* [Listed records]:
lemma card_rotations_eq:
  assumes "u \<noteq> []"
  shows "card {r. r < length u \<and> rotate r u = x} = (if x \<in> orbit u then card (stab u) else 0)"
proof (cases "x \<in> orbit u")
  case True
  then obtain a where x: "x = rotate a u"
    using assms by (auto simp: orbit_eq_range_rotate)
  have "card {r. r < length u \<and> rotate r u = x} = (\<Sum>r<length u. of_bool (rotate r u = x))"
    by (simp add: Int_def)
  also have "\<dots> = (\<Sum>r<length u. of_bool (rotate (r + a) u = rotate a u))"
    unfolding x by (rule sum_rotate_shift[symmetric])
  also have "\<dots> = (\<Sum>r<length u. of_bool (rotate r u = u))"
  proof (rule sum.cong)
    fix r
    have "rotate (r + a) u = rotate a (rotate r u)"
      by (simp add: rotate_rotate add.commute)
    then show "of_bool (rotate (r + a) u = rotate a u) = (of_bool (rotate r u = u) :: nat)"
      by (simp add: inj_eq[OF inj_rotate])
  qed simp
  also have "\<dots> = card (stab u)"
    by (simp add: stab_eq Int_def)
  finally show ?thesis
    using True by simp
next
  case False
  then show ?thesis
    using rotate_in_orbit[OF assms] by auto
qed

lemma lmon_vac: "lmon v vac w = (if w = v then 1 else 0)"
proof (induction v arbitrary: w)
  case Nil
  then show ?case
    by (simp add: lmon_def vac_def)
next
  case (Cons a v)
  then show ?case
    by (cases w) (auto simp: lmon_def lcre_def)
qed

* [About this task]: Search the entries above for lines containing the word "using", and copy each one.

* [Answer to this problem]:
    using assms by (auto simp: orbit_eq_range_rotate)
    using True by simp
    using rotate_in_orbit[OF assms] by auto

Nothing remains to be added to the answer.